The mechanism of hardship varies from one country to another.
Attempts of harmonization have been made at European level with the PECL.
The French legal system does not admit “revision pour impévision” as said in the judgement of principle Canal de Craponne. But this doctrine is challenged by Terré’s Draft and the Government’s Draft which are following the recent evolution of the PECL. Only the Avant-projet Catala keep with the French tradition. It is maybe distancing his self from his initial aim: becoming the reference tool for companies which are mainly using common law.
The English legal system is alike the French system by not allowing the judges to intervene on the contract and by preferring the parties to include hardship clauses in their agreements. That is what Lord Radcliffe said in Davis Contractors. Its characteristic is the doctrine of Frustration which applies only in cases of impossibility, illegality or when the contract becomes radically different. This doctrine applies rarely but its consequences are drastic. Its application entails disappearance of the contract not only revision as in German law.
In case of inflation a contract would not bring to an end as in French Law.

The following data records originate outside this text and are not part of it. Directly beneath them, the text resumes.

lemma trace_form_nondegenerate:
  assumes B: "is_basis q m B" and z: "\<forall>i<m. Tr (B ! i * z) = 0"
  shows "z = 0"
proof (rule ccontr)
  assume "z \<noteq> 0"
  obtain z0 where z0: "Tr z0 \<noteq> 0"
    using trace_not_identically_zero by blast
  obtain c where c: "\<forall>i<m. c i \<in> GF" "z0 / z = (\<Sum>i<m. c i * B ! i)"
    using B unfolding is_basis_def by blast
  have "z0 = z0 / z * z"
    using \<open>z \<noteq> 0\<close> by simp
  also have "\<dots> = (\<Sum>i<m. c i * (B ! i * z))"
    unfolding c(2) by (simp add: sum_distrib_right mult.assoc)
  finally have "Tr z0 = (\<Sum>i<m. c i * Tr (B ! i * z))"
    using c(1) by (simp add: trace_sum trace_scale)
  with z z0 show False
    by simp
qed

section \<open>Dual bases\<close>

definition coord_space :: "(nat \<Rightarrow> 'F) set" where
  "coord_space = {c. (\<forall>i<m. c i \<in> GF) \<and> (\<forall>i\<ge>m. c i = 0)}"

definition trace_coords :: "'F list \<Rightarrow> 'F \<Rightarrow> nat \<Rightarrow> 'F" where
  "trace_coords B z i = (if i < m then Tr (B ! i * z) else 0)"

lemma is_basis_iff_coord_space:
  "is_basis q m B \<longleftrightarrow> length B = m \<and> (\<forall>x. \<exists>!c. c \<in> coord_space \<and> x = (\<Sum>i<m. c i * B ! i))"
  by (simp add: is_basis_def coord_space_def)

lemma inj_trace_coords:
  assumes "is_basis q m B"
  shows "inj (trace_coords B)"
proof (rule injI)
  fix z z' assume same: "trace_coords B z = trace_coords B z'"
  have "Tr (B ! i * (z - z')) = 0" if "i < m" for i
    using fun_cong[OF same, of i] that by (simp add: trace_coords_def right_diff_distrib trace_diff)
  then show "z = z'"
    using trace_form_nondegenerate[OF assms, of "z - z'"] by simp
qed

lemma finite_coord_space: "finite coord_space"
  and card_coord_space_le: "card coord_space \<le> q ^ m"
proof -
  let ?r = "\<lambda>c. restrict c {..<m}"
  have inj: "inj_on ?r coord_space"
  proof (rule inj_onI, rule ext)
    fix c c' i assume "c \<in> coord_space" "c' \<in> coord_space" "?r c = ?r c'"
    then show "c i = c' i"
      by (cases "i < m") (auto simp: coord_space_def dest: fun_cong[where x = i])
  qed
  have img: "?r ` coord_space \<subseteq> PiE {..<m} (\<lambda>_. GF)"
    by (rule image_subsetI) (auto simp: coord_space_def)
  have fin: "finite (PiE {..<m} (\<lambda>_. GF))"
    by (intro finite_PiE) auto
  show "finite coord_space"
    by (rule inj_on_finite[OF inj img fin])
  have "card coord_space \<le> card (PiE {..<m} (\<lambda>_. GF))"
    by (rule card_inj_on_le[OF inj img fin])
  also have "\<dots> = card GF ^ m"
    by (simp add: card_PiE)
  also have "\<dots> \<le> q ^ m"
    by (intro power_mono card_subfield_le) auto
  finally show "card coord_space \<le> q ^ m" .
qed

lemma range_trace_coords:
  assumes "is_basis q m B"
  shows "range (trace_coords B) = coord_space"
proof (rule card_subset_eq[OF finite_coord_space])
  show "range (trace_coords B) \<subseteq> coord_space"
    using trace_in_subfield zero_in_subfield by (auto simp: coord_space_def trace_coords_def)
  have "card (range (trace_coords B)) = q ^ m"
    using card_image[OF inj_trace_coords[OF assms]] card_field by simp
  then show "card (range (trace_coords B)) = card coord_space"
    using card_coord_space_le card_mono[OF finite_coord_space \<open>range (trace_coords B) \<subseteq> coord_space\<close>]
    by simp
qed

lemma trace_coords_dual_combination:
  assumes "is_dual q m B D" and "c \<in> coord_space"
  shows "trace_coords B (\<Sum>j<m. c j * D ! j) = c"
proof
  fix i
  show "trace_coords B (\<Sum>j<m. c j * D ! j) i = c i"
  proof (cases "i < m")
    case True
    have "Tr (B ! i * (\<Sum>j<m. c j * D ! j)) = (\<Sum>j<m. c j * Tr (B ! i * D ! j))"
      using assms(2) by (simp add: sum_distrib_left mult.left_commute trace_sum trace_scale coord_space_def)
    also have "\<dots> = (\<Sum>j<m. if j = i then c j else 0)"
      using assms(1) True by (intro sum.cong) (auto simp: is_dual_def)
    also have "\<dots> = c i"
      using True by simp
    finally show ?thesis
      using True by (simp add: trace_coords_def)
  qed (use assms(2) in \<open>simp add: trace_coords_def coord_space_def\<close>)
qed

lemma dual_is_basis:
  fixes B D :: "'F list"
  assumes B: "is_basis q m B" and D: "is_dual q m B D"
  shows "is_basis q m D"
  unfolding is_basis_iff_coord_space
proof (intro conjI allI)
  show "length D = m"
    using D by (simp add: is_dual_def)
  fix x
  show "\<exists>!c. c \<in> coord_space \<and> x = (\<Sum>j<m. c j * D ! j)"
  proof (rule ex1I[of _ "trace_coords B x"])
    have "trace_coords B (\<Sum>j<m. trace_coords B x j * D ! j) = trace_coords B x"
      using trace_coords_dual_combination[OF D] range_trace_coords[OF B] by blast
    then show "trace_coords B x \<in> coord_space \<and> x = (\<Sum>j<m. trace_coords B x j * D ! j)"
      using range_trace_coords[OF B] inj_trace_coords[OF B] by (auto dest: injD)
    show "c = trace_coords B x" if "c \<in> coord_space \<and> x = (\<Sum>j<m. c j * D ! j)" for c
      using trace_coords_dual_combination[OF D] that by simp
  qed
qed

lemma dual_unique:
  fixes B D D' :: "'F list"
  assumes B: "is_basis q m B" and "is_dual q m B D" and "is_dual q m B D'"
  shows "D = D'"
proof (rule nth_equalityI)
  show "length D = length D'"
    using assms(2,3) by (simp add: is_dual_def)
  fix j assume "j < length D"
  then have "trace_coords B (D ! j) = trace_coords B (D' ! j)"
    using assms(2,3) by (auto simp: is_dual_def trace_coords_def fun_eq_iff)
  then show "D ! j = D' ! j"
    using inj_trace_coords[OF B] by (rule injD[rotated])
qed

lemma dual_exists:
  fixes B :: "'F list"
  assumes B: "is_basis q m B"
  shows "\<exists>D. is_dual q m B D"
proof -
  define e where "e j = (\<lambda>i. if i = j then 1 else 0 :: 'F)" for j :: nat
  define D where "D = map (\<lambda>j. inv_into UNIV (trace_coords B) (e j)) [0..<m]"
  have coords: "trace_coords B (D ! j) = e j" if "j < m" for j
  proof -
    have "e j \<in> range (trace_coords B)"
      using that zero_in_subfield one_in_subfield
      by (simp add: range_trace_coords[OF B] coord_space_def e_def)
    then show ?thesis
      using that by (simp add: D_def f_inv_into_f)
  qed
  have "is_dual q m B D"
    unfolding is_dual_def
  proof (intro conjI allI impI)
    show "length D = m"
      by (simp add: D_def)
    fix i j assume "i < m" "j < m"
    then show "Tr (B ! i * D ! j) = (if i = j then 1 else 0)"
      using fun_cong[OF coords[of j], of i] by (simp add: trace_coords_def e_def)
  qed
  then show ?thesis ..
qed

lemma dual_basis_eq:
  fixes B D :: "'F list"
  assumes "is_basis q m B" and "is_dual q m B D"
  shows "dual_basis q m B = D"
  unfolding dual_basis_def
  using assms dual_is_basis dual_unique by (intro the_equality) blast+

lemma is_dual_dual_basis:
  fixes B :: "'F list"
  assumes "is_basis q m B"
  shows "is_dual q m B (dual_basis q m B)"
  using assms dual_exists dual_basis_eq by metis

end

The German legal system is forged around the “doctrine of disappearance of the basis of the transaction” (Wegfall der Geschäftgrundlage) created by Oertmann. In 1922, the Reichsgericht invoke for the first time the unwritten clausula rebus sic stantibus in order to adapt the price agreed by the parties. Then on the 27th June 1922 the Reichsgericht recognizes judicial revision to rescission on the basis of Oertmann Theory). In the Bundesgerichtshof decision of the 16th of January 1953, the court will seek to adapt the contract equitably. The German reunification case renew the theory of disappearance but in regard of good faith in § 242 BGB.